Ever since those four horsemen, our culture has long been concerned with the locomotion of the apocalypse. IEEE Spectrum has spotted the more likely means of conveyance that will bring us the End of Days, however: a “singularity drive system” system that makes a robot whip around a room like a mouse on speed.

The wheel system is the brainchild of a surely well-meaning student at Bradley University, in Peoria, Illinois, named Curtis Boirum. He recently showed it off at RoboGames 2011. Here’s how the system works: the wheel is really half of a rubber ball that spins on its axis extremely quickly. By tilting the hemisphere ever so slightly, you can change the wheel’s direction, causing it to turn on a dime, if you want. You can see some of the acrobatics in the video here–from back when its creator called it a “hemispherical gimbaled wheel drive system” (he since changed the name to something much more suitably apocalyptic sounding).

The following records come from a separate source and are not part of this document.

(* Let $G$ be an absolutely continuous distribution function on $[0,\infty)$ with density $g$ and hazard rate $r=g/(1-G)$. Let $\lambda_1,\dots,\lambda_n,\lambda^*_1,\dots,\lambda^*_n>0$, let $X_1,\dots,X_n$ be independent nonnegative random variables with $X_i$ having distribution function $G(\lambda_i x)$, and let $X^*_1,\dots,X^*_n$ be independent nonnegative random variables with $X^*_i$ having distribution function $G(\lambda^*_i x)$. Assume $x r(x)$ is increasing in $x$. (a) If $x^2r'(x)$ is decreasing in $x$ and $\sum_{i=1}^{j}\lambda^*_{(i)}\ge\sum_{i=1}^{j}\lambda_{(i)}$ for all $j=1,\dots,n$, then (i) $X_{1:n}\ge_{\rm hr}X^*_{1:n}$, and (ii) if moreover $r$ is decreasing, $X_{1:n}\ge_{\rm disp}X^*_{1:n}$. (b) If $x^2r'(x)$ is increasing in $x$ and $\sum_{i=j}^{n}\lambda^*_{(i)}\le\sum_{i=j}^{n}\lambda_{(i)}$ for all $j=1,\dots,n$, then (i) $X_{1:n}\le_{\rm hr}X^*_{1:n}$, and (ii) if moreover $r$ is decreasing, $X_{1:n}\le_{\rm disp}X^*_{1:n}$.
   Context: $X_{1:n}=\min(X_1,\dots,X_n)$. For a vector $\boldsymbol{x}$, $x_{(1)}\le\dots\le x_{(n)}$ are its components in increasing order. For random variables $X,Y$ with distribution functions $F,H$, hazard rates $r_F,r_H$: $X\le_{\rm hr}Y$ means $r_F(x)\ge r_H(x)$ for all $x$; $X\le_{\rm disp}Y$ means $F^{-1}(\beta)-F^{-1}(\alpha)\le H^{-1}(\beta)-H^{-1}(\alpha)$ for all $0<\alpha\le\beta<1$. Increasing/decreasing mean nondecreasing/nonincreasing. *)

theory Defs
  imports "HOL-Probability.Probability"
begin

definition hazard_rate :: "(real \<Rightarrow> real) \<Rightarrow> real \<Rightarrow> real" where
  "hazard_rate F x = deriv F x / (1 - F x)"

definition hr_le :: "real measure \<Rightarrow> real measure \<Rightarrow> bool" where
  "hr_le D1 D2 \<longleftrightarrow> (\<forall>x>0. hazard_rate (cdf D2) x \<le> hazard_rate (cdf D1) x)"

definition quantile :: "(real \<Rightarrow> real) \<Rightarrow> real \<Rightarrow> real" where
  "quantile F a = Inf {x. a \<le> F x}"

definition disp_le :: "real measure \<Rightarrow> real measure \<Rightarrow> bool" where
  "disp_le D1 D2 \<longleftrightarrow> (\<forall>a b. 0 < a \<longrightarrow> a \<le> b \<longrightarrow> b < 1 \<longrightarrow>
      quantile (cdf D1) b - quantile (cdf D1) a \<le> quantile (cdf D2) b - quantile (cdf D2) a)"

definition sorted_vals :: "nat \<Rightarrow> (nat \<Rightarrow> real) \<Rightarrow> real list" where
  "sorted_vals n l = sort (map l [0..<n])"

definition min_rv :: "nat \<Rightarrow> (nat \<Rightarrow> 'a \<Rightarrow> real) \<Rightarrow> 'a \<Rightarrow> real" where
  "min_rv n X = (\<lambda>\<omega>. Min ((\<lambda>i. X i \<omega>) ` {..<n}))"

end

theory Submission
  imports Defs
begin

text \<open>
  The distribution function of \<open>X\<^sub>1\<^sub>:\<^sub>n\<close> is \<open>1 - exp (- \<Lambda> x)\<close> with
  \<open>\<Lambda> x = \<Sum>\<^sub>i \<Lambda>\<^sub>G (\<lambda>\<^sub>i x)\<close> and \<open>\<Lambda>\<^sub>G = - ln (1 - G)\<close>, so its hazard rate is
  \<open>\<Sum>\<^sub>i \<lambda>\<^sub>i r (\<lambda>\<^sub>i x) = (\<Sum>\<^sub>i h (\<lambda>\<^sub>i x)) / x\<close> with \<open>h u = u r u\<close>. The function \<open>h\<close> increases,
  and \<open>h' = r + u r'\<close> decreases (increases) whenever \<open>u\<^sup>2 r'\<close> does, so \<open>h\<close> is concave (convex).
  Bounding \<open>h\<close> by its tangents at the sorted scale parameters and summing by parts turns the
  prefix (suffix) sum conditions into a pointwise comparison of the two hazard rates, which is
  the hazard rate order. If moreover \<open>r\<close> decreases, so does the larger hazard rate; started at
  their \<open>\<alpha>\<close>-quantiles, the larger cumulative hazard then grows at least as fast as the smaller
  one, which gives the dispersive order.
\<close>

section \<open>Majorization inequalities\<close>

lemma sum_mult_nonneg_of_prefix_sums_nonneg:
  fixes c d :: "nat \<Rightarrow> real"
  assumes c_nonneg: "\<forall>i<n. 0 \<le> c i"
    and c_antimono: "\<forall>i j. i \<le> j \<longrightarrow> j < n \<longrightarrow> c j \<le> c i"
    and prefix_nonneg: "\<forall>j\<le>n. 0 \<le> (\<Sum>i<j. d i)"
  shows "0 \<le> (\<Sum>i<n. c i * d i)"
proof (cases n)
  case (Suc m)
  have "c k * (\<Sum>i<Suc k. d i) \<le> (\<Sum>i<Suc k. c i * d i)" if "k < n" for k
    using that
  proof (induction k)
    case (Suc k)
    have "c (Suc k) * (\<Sum>i<Suc k. d i) \<le> c k * (\<Sum>i<Suc k. d i)"
      using Suc.prems c_antimono prefix_nonneg[rule_format, of "Suc k"] by (intro mult_right_mono) auto
    then show ?case using Suc by (simp add: algebra_simps)
  qed simp
  from this[of m] have "c m * (\<Sum>i<n. d i) \<le> (\<Sum>i<n. c i * d i)" using Suc by simp
  moreover have "0 \<le> c m * (\<Sum>i<n. d i)"
    using Suc c_nonneg prefix_nonneg by (intro mult_nonneg_nonneg) auto
  ultimately show ?thesis by linarith
qed simp

lemma sum_mult_nonneg_of_suffix_sums_nonneg:
  fixes c d :: "nat \<Rightarrow> real"
  assumes c_nonneg: "\<forall>i<n. 0 \<le> c i"
    and c_mono: "\<forall>i j. i \<le> j \<longrightarrow> j < n \<longrightarrow> c i \<le> c j"
    and suffix_nonneg: "\<forall>j<n. 0 \<le> (\<Sum>i\<in>{j..<n}. d i)"
  shows "0 \<le> (\<Sum>i<n. c i * d i)"
proof (cases n)
  case (Suc m)
  have "c k * (\<Sum>i\<in>{k..<n}. d i) \<le> (\<Sum>i\<in>{k..<n}. c i * d i)" if "k \<le> m" for k
    using that
  proof (induction k rule: inc_induct)
    case base
    then show ?case using Suc by simp
  next
    case (step k)
    have "c k * (\<Sum>i\<in>{Suc k..<n}. d i) \<le> c (Suc k) * (\<Sum>i\<in>{Suc k..<n}. d i)"
      using step.hyps Suc c_mono suffix_nonneg by (intro mult_right_mono) auto
    moreover have "{k..<n} = insert k {Suc k..<n}" using step.hyps Suc by auto
    ultimately show ?case using step.IH by (simp add: algebra_simps)
  qed
  from this[of 0] have "c 0 * (\<Sum>i<n. d i) \<le> (\<Sum>i<n. c i * d i)"
    by (simp add: atLeast0LessThan)
  moreover have "0 \<le> c 0 * (\<Sum>i<n. d i)"
    using Suc c_nonneg suffix_nonneg[rule_format, of 0] by (simp add: atLeast0LessThan)
  ultimately show ?thesis by linarith
qed simp

lemma tangent_le_of_antimono_deriv:
  fixes h h' :: "real \<Rightarrow> real"
  assumes deriv: "\<forall>u>0. (h has_real_derivative h' u) (at u)"
    and anti: "antimono_on {0<..} h'"
    and "0 < a" "0 < b"
  shows "h' b * (b - a) \<le> h b - h a"
proof (cases a b rule: linorder_cases)
  case less
  obtain z where z: "a < z" "z < b" "h b - h a = (b - a) * h' z"
    using MVT2[OF less, of h h'] deriv \<open>0 < a\<close> by force
  have "h' b \<le> h' z" using z \<open>0 < a\<close> by (intro monotone_onD[OF anti]) auto
  then show ?thesis using z less by (simp add: mult.commute mult_right_mono)
next
  case greater
  obtain z where z: "b < z" "z < a" "h a - h b = (a - b) * h' z"
    using MVT2[OF greater, of h h'] deriv \<open>0 < b\<close> by force
  have "h' z \<le> h' b" using z \<open>0 < b\<close> by (intro monotone_onD[OF anti]) auto
  then have "(a - b) * h' z \<le> (a - b) * h' b" using greater by (simp add: mult_left_mono)
  then show ?thesis using z by (simp add: algebra_simps)
qed simp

It’s a neat design–and, in fact, an old one, as both Spectrum and a commenter on its Automaton blog point out. Back in 1938, Mechanics and Handicraft magazine had envisioned a similar device, crowing, “With a 600 h.p. airplane engine, this machine could travel at incredible speeds.” It appears not to have come to fruition though (have you seen any hemispherical gimbaled wheels affixed to any cars lately?), and Boirum has said he came upon the idea independently.

Indeed, it might be one of those ideas worth dusting off–it’s a cheap, simple, and powerful design, capable even of “delivering more torque than any of the poor robots that it’s attached to can reliably handle,” in the word’s of Automaton’s Evan Ackerman. Though it’s worth noting that a drive system like this only works optimally on a perfectly smooth floor. If the robotic uprising ever needs to go off-road, they might do better to stick to horseback after all.